Computer Science Puzzle: Finding the Maximal Sum of a Vector
Posted on April 4, 2008
Filed Under Computer Puzzles, Computer Science |
While this is a physics-oriented blog, computer science has some great puzzles, too! If you’re a professional computer scientist they’ll probably be easy for you, or you’ll already know the answer, but for anyone who isn’t familiar with the ropes, they can be very challenging. It’s always good to learn something new, too.
This week’s puzzle is about finding the maximal sum of a vector. Suppose you are given a vector (x(1),x(2),x(3),….,x(N)) of numbers, which can be positive or negative (or zero). You’re interesting in finding the vector’s maximal sum, meaning: starting out from an index i and ending at an index j, you want the sum of x(i)+x(i+1)+….+x(j) to be maximal.
What is the fastest algorithm you can devise for this? Can you find an algorithm log-linear in N? Can you find anything faster?
This would be an easy puzzle if the x(i)s were all positive numbers: then you’d just sum all of them!

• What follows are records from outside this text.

(* Let $\kappa\neq 2$ and $\rho\in\mathcal X_\kappa$. Suppose $\lambda\in\mathcal E(\rho)$ and $\lambda\notin\mathscr C$. Then there exists a sequence of distinct elements $Z_n\in\mathscr C$ such that $Z_n\to\lambda$ and $|\mathrm{tr}\,\rho(Z_n)|\le 2$ for all $n$.
   Context: $T$ is the one-holed torus; $\pi=\pi_1(T)$ is free on generators $X,Y$. A character is an element $\rho$ of $\mathrm{Hom}(\pi,\mathrm{SL}(2,\mathbb{C}))/\!/\mathrm{SL}(2,\mathbb{C})$, and $\mathcal X_\kappa$ is the set of characters with $\mathrm{tr}\,\rho(XYX^{-1}Y^{-1})=\kappa$. $\mathscr{C}$ is the set of free homotopy classes of essential (non-trivial, non-boundary-parallel) simple closed curves on $T$; $\mathrm{tr}\,\rho(W)$ is well defined for $W\in\mathscr C$. $\mathscr{PL}$ is the projective lamination space of $T$, identified with $\hat{\mathbb R}$ so that $\mathscr{C}$ corresponds to $\hat{\mathbb Q}$. $\Lambda\in\mathscr{PL}$ is an end invariant of $\rho$ if there exist $K>0$ and distinct $X_n\in\mathscr{C}$ with $X_n\to\Lambda$ and $|\mathrm{tr}\,\rho(X_n)|<K$; $\mathcal{E}(\rho)$ is the set of end invariants. *)

theory Defs
  imports "HOL-Analysis.Analysis"
begin

text \<open>A representation rho of pi = F(X,Y) into SL(2,C) is determined by the pair
  (A,B) = (rho X, rho Y) with det A = det B = 1.\<close>

definition SL2 :: "complex^2^2 \<Rightarrow> bool" where
  "SL2 M \<longleftrightarrow> det M = 1"

definition sl2_inv :: "complex^2^2 \<Rightarrow> complex^2^2" where
  "sl2_inv M = vector [vector [M$2$2, - M$1$2], vector [- M$2$1, M$1$1]]"

datatype letter = LX | LXi | LY | LYi

fun eval_letter :: "complex^2^2 \<Rightarrow> complex^2^2 \<Rightarrow> letter \<Rightarrow> complex^2^2" where
  "eval_letter A B LX = A"
| "eval_letter A B LXi = sl2_inv A"
| "eval_letter A B LY = B"
| "eval_letter A B LYi = sl2_inv B"

definition eval_word :: "complex^2^2 \<Rightarrow> complex^2^2 \<Rightarrow> letter list \<Rightarrow> complex^2^2" where
  "eval_word A B w = foldr (\<lambda>l M. eval_letter A B l ** M) w (mat 1)"

definition in_X_kappa :: "complex \<Rightarrow> complex^2^2 \<Rightarrow> complex^2^2 \<Rightarrow> bool" where
  "in_X_kappa \<kappa> A B \<longleftrightarrow> SL2 A \<and> SL2 B \<and>
     trace (eval_word A B [LX, LY, LXi, LYi]) = \<kappa>"

text \<open>An essential simple closed curve is determined (up to free homotopy and orientation)
  by its homology class \<open>\<plusminus>(a,b)\<close> with a, b coprime; we normalise to a > 0, or (a,b) = (0,1).\<close>
definition curves :: "(int \<times> int) set" where
  "curves = {(a, b). coprime a b \<and> (a > 0 \<or> (a = 0 \<and> b = 1))}"

text \<open>A representative word: the Christoffel word with a letters X and |b| letters Y
  (resp. Y^-1 if b < 0).\<close>
definition curve_word :: "int \<times> int \<Rightarrow> letter list" where
  "curve_word c = (case c of (a, b) \<Rightarrow>
     (if a = 0 then [LY] else
      let n = nat (a + \<bar>b\<bar>); y = (if b \<ge> 0 then LY else LYi) in
      map (\<lambda>i. if \<lfloor>real i * real_of_int \<bar>b\<bar> / real n\<rfloor>
                    > \<lfloor>(real i - 1) * real_of_int \<bar>b\<bar> / real n\<rfloor> then y else LX)
          [1..<n+1]))"

definition tr_curve :: "complex^2^2 \<Rightarrow> complex^2^2 \<Rightarrow> int \<times> int \<Rightarrow> complex" where
  "tr_curve A B c = trace (eval_word A B (curve_word c))"

text \<open>PL is identified with the extended real line R-hat = R \<union> {\<infinity>}; we model it as
  \<open>real option\<close> (None = \<infinity>), with the topology of the circle via inverse stereographic
  projection.\<close>
type_synonym PL = "real option"

definition pl_emb :: "PL \<Rightarrow> real \<times> real" where
  "pl_emb p = (case p of None \<Rightarrow> (0, 1)
      | Some t \<Rightarrow> (2 * t / (1 + t\<^sup>2), (t\<^sup>2 - 1) / (1 + t\<^sup>2)))"

definition pl_tendsto :: "(nat \<Rightarrow> PL) \<Rightarrow> PL \<Rightarrow> bool" where
  "pl_tendsto s l \<longleftrightarrow> (\<lambda>n. pl_emb (s n)) \<longlonglongrightarrow> pl_emb l"

definition slope :: "int \<times> int \<Rightarrow> PL" where
  "slope c = (case c of (a, b) \<Rightarrow> if a = 0 then None else Some (real_of_int b / real_of_int a))"

definition end_invariant :: "complex^2^2 \<Rightarrow> complex^2^2 \<Rightarrow> PL \<Rightarrow> bool" where
  "end_invariant A B \<Lambda> \<longleftrightarrow>
     (\<exists>K>0. \<exists>Xs :: nat \<Rightarrow> int \<times> int. inj Xs \<and> (\<forall>n. Xs n \<in> curves) \<and>
        pl_tendsto (\<lambda>n. slope (Xs n)) \<Lambda> \<and> (\<forall>n. cmod (tr_curve A B (Xs n)) < K))"

end

theory Submission
  imports Defs
begin

text \<open>
  For a curve of slope b/a \<ge> 0 let f(a,b) be the trace of its Christoffel word. Along the Farey
  tree f is a Markoff map: f(u+v) + f(|u-v|) = f(u) f(v) on every edge, and the Fricke polynomial
  x^2 + y^2 + z^2 - xyz takes the value \<kappa> + 2 on every triangle; negative slopes reduce to
  this by replacing B with B\<inverse>. Suppose every curve of slope close to the irrational \<lambda> had
  trace of modulus > 2, and follow the Farey intervals (u,v) shrinking to \<lambda>. If on one of
  them |f(u+v)| \<ge> |f(|u-v|)|, then inside that interval f grows exponentially in the size of
  the vector, so only finitely many curves near \<lambda> have bounded trace, contradicting that \<lambda>
  is an end invariant. Otherwise |f(u+v)| < |f(|u-v|)| all along the path; then |f(u)| |f(v)|
  decreases to a limit, which forces f(u+v) - f(|u-v|) \<rightarrow> 0 and
  (f(u)^2 - 4)(f(v)^2 - 4) \<rightarrow> 0, hence \<kappa> + 2 = 4.
\<close>

section \<open>Trace identities in SL(2,C)\<close>

lemma matrix_mult_2x2_nth:
  fixes M N :: "complex^2^2"
  shows "(M ** N)$1$1 = M$1$1 * N$1$1 + M$1$2 * N$2$1"
    and "(M ** N)$1$2 = M$1$1 * N$1$2 + M$1$2 * N$2$2"
    and "(M ** N)$2$1 = M$2$1 * N$1$1 + M$2$2 * N$2$1"
    and "(M ** N)$2$2 = M$2$1 * N$1$2 + M$2$2 * N$2$2"
  by (simp_all add: matrix_matrix_mult_def sum_2)

lemma trace_2x2: "trace (M::complex^2^2) = M$1$1 + M$2$2"
  by (simp add: trace_def sum_2)

lemma sl2_inv_nth:
  "sl2_inv M $1$1 = M$2$2" "sl2_inv M $1$2 = - M$1$2"
  "sl2_inv M $2$1 = - M$2$1" "sl2_inv M $2$2 = M$1$1"
  by (simp_all add: sl2_inv_def)

lemma mat_1_2x2_nth:
  "(mat 1 :: complex^2^2)$1$1 = 1" "(mat 1 :: complex^2^2)$1$2 = 0"
  "(mat 1 :: complex^2^2)$2$1 = 0" "(mat 1 :: complex^2^2)$2$2 = 1"
  by (simp_all add: mat_def)

lemmas mat2_simps = matrix_mult_2x2_nth trace_2x2 sl2_inv_nth mat_1_2x2_nth det_2

lemma det_sl2_inv [simp]: "det (sl2_inv M) = det (M::complex^2^2)"
  by (simp add: mat2_simps algebra_simps)

lemma trace_sl2_inv [simp]: "trace (sl2_inv M) = trace (M::complex^2^2)"
  by (simp add: mat2_simps)

lemma sl2_inv_sl2_inv [simp]: "sl2_inv (sl2_inv M) = (M::complex^2^2)"
  by (simp add: vec_eq_iff forall_2 sl2_inv_nth)

lemma trace_mult_sl2_inv: "trace (M ** sl2_inv N) = trace M * trace N - trace (M ** (N::complex^2^2))"
  by (simp add: mat2_simps algebra_simps)

lemma trace_square_mult:
  "det (M::complex^2^2) = 1 \<Longrightarrow> trace (M ** M ** N) + trace N = trace M * trace (M ** N)"
  by (simp add: mat2_simps) algebra

lemma trace_mult_square:
  "det (M::complex^2^2) = 1 \<Longrightarrow> trace (N ** M ** M) + trace N = trace (N ** M) * trace M"
  by (simp add: mat2_simps) algebra

definition fricke :: "complex \<Rightarrow> complex \<Rightarrow> complex \<Rightarrow> complex" where
  "fricke x y z = x\<^sup>2 + y\<^sup>2 + z\<^sup>2 - x * y * z"

lemma fricke_trace_commutator:
  fixes M N :: "complex^2^2"
  assumes "det M = 1" "det N = 1"
  shows "fricke (trace M) (trace N) (trace (M ** N)) = trace (M ** N ** sl2_inv M ** sl2_inv N) + 2"
  using assms unfolding fricke_def by (simp add: mat2_simps) algebra

lemma eval_word_append: "eval_word A B (u @ v) = eval_word A B u ** eval_word A B v"
  by (induction u) (simp_all add: eval_word_def matrix_mul_assoc matrix_mul_lid)

lemma det_eval_word:
  assumes "det A = 1" "det B = 1"
  shows "det (eval_word A B w) = 1"
proof (induction w)
  case Nil
  then show ?case by (simp add: eval_word_def det_I)
next
  case (Cons l w)
  have "det (eval_letter A B l) = 1" using assms by (cases l) auto
  with Cons show ?case by (simp add: eval_word_def det_mul)
qed

lemma eval_word_commutator:
  "eval_word A B [LX, LY, LXi, LYi] = A ** B ** sl2_inv A ** sl2_inv B"
  by (simp add: eval_word_def matrix_mul_assoc matrix_mul_rid)

lemma in_X_kappa_iff:
  "in_X_kappa \<kappa> A B \<longleftrightarrow> det A = 1 \<and> det B = 1 \<and> trace (A ** B ** sl2_inv A ** sl2_inv B) = \<kappa>"
  by (simp add: in_X_kappa_def SL2_def eval_word_commutator)

text \<open>Replacing B by its inverse keeps the commutator trace, since the Fricke polynomial is
  invariant under z \<mapsto> xy - z.\<close>
lemma in_X_kappa_sl2_inv:
  assumes "in_X_kappa \<kappa> A B"
  shows "in_X_kappa \<kappa> A (sl2_inv B)"
proof -
  have dA: "det A = 1" and dB: "det B = 1" and \<kappa>: "trace (A ** B ** sl2_inv A ** sl2_inv B) = \<kappa>"
    using assms by (auto simp: in_X_kappa_iff)
  have "fricke (trace A) (trace B) (trace A * trace B - trace (A ** B)) =
        fricke (trace A) (trace B) (trace (A ** B))"
    by (simp add: fricke_def algebra_simps power2_eq_square)
  then have "trace (A ** sl2_inv B ** sl2_inv A ** B) = \<kappa>"
    using fricke_trace_commutator[OF dA dB] fricke_trace_commutator[of A "sl2_inv B"] dA dB \<kappa>
    by (simp add: trace_mult_sl2_inv)
  then show ?thesis using dA dB by (simp add: in_X_kappa_iff)
qed

section \<open>Farey pairs and Christoffel words\<close>

lemma div_eq_div_of_scaled_eq:
  fixes x y e n N :: int
  assumes "0 < n" "n * x = N * y + e" "0 \<le> e" "e < N"
  shows "x div N = y div n"
proof -
  define q r where "q = y div n" and "r = y mod n"
  have y: "y = n * q + r" and r: "0 \<le> r" "r < n"
    using assms(1) unfolding q_def r_def by simp_all
  have nx: "n * (x - N * q) = N * r + e" using assms(2) y by (simp add: algebra_simps)
  have "N * r \<le> N * (n - 1)" using r assms(3,4) by (intro mult_left_mono) auto
  then have "n * (x - N * q) < n * N" using nx assms(4) by (simp add: algebra_simps)
  moreover have "0 \<le> n * (x - N * q)" using nx r assms(3,4) by simp
  ultimately have "0 \<le> x - N * q" "x - N * q < N"
    using assms(1) by (simp_all add: zero_le_mult_iff mult_less_cancel_left_pos)
  then show ?thesis unfolding q_def[symmetric] by (intro int_div_pos_eq[of _ _ _ "x - N * q"]) auto
qed

definition cross :: "int \<times> int \<Rightarrow> int \<times> int \<Rightarrow> int" where
  "cross u v = fst u * snd v - fst v * snd u"

definition farey_pair :: "int \<times> int \<Rightarrow> int \<times> int \<Rightarrow> bool" where
  "farey_pair u v \<longleftrightarrow> 0 \<le> fst u \<and> 0 \<le> snd u \<and> 0 \<le> fst v \<and> 0 \<le> snd v \<and> cross u v = 1"

definition farey_diff :: "int \<times> int \<Rightarrow> int \<times> int \<Rightarrow> int \<times> int" where
  "farey_diff u v = (\<bar>fst u - fst v\<bar>, \<bar>snd u - snd v\<bar>)"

X = (5,9,1,20,4) –> maximal sum = 5+9+1+20+4.
However, when you introduce negative numbers into the game, it complicates things significantly:
X = (5,9,1,-20,4) –> 5+ 9 + 1 + (-20) + 4 is obviously not maximal. 5+9+1 IS.
Good luck & enjoy! ![]()
Comments
One Response to “Computer Science Puzzle: Finding the Maximal Sum of a Vector”
Leave a Reply
Solution (ADDED 11/4/2008)
————————–
The naive approach would be to examine all possible subvectors of the given vector. There are (2 choose N)=N!/(2!*(N-2)!) ~ N^2 ways of doing that. Then you have to sum each vector, which costs ~ N/2 on the average, and keep track of the maximum, so the overall performance of the algorithm is O(N^3). Not very good.
There are many ways of improving the algorithm. The best solution is O(N), going inductively through the vetor step by step:
“Given that you’ve solved the problem for j, solve the problem for j+1.”
We’re going to do that by keeping tabs on TWO quantities:
1. The maximal sum so far, maxsofar.
2. The maximal sum that ends at j, maxending.
For example, for the vector (2 3 6 -17 8 2 -2) for which N=7, for the step j=6, maxsofar would the the sum of the first three numbers, 2+3+6=11. maxending would be the maximal subvector that ends at j=6, that is, at the value +2. That is obviously 2+8, since going back further would just diminish this sum.
For the j-th step, these two variables are updated as follows:
maxending = max(maxending + x[j+1], 0)
maxsofar = max(maxsofar, maxending)
The insight here is that, whenever we step forward from j to j+1, there are only two possibilities: either our maximal sum is what we’ve computed so far, or it must come from the new term added, which affects maxending.
(Obviously, for j=0, initially both maxending = 0 and maxsofar=0.)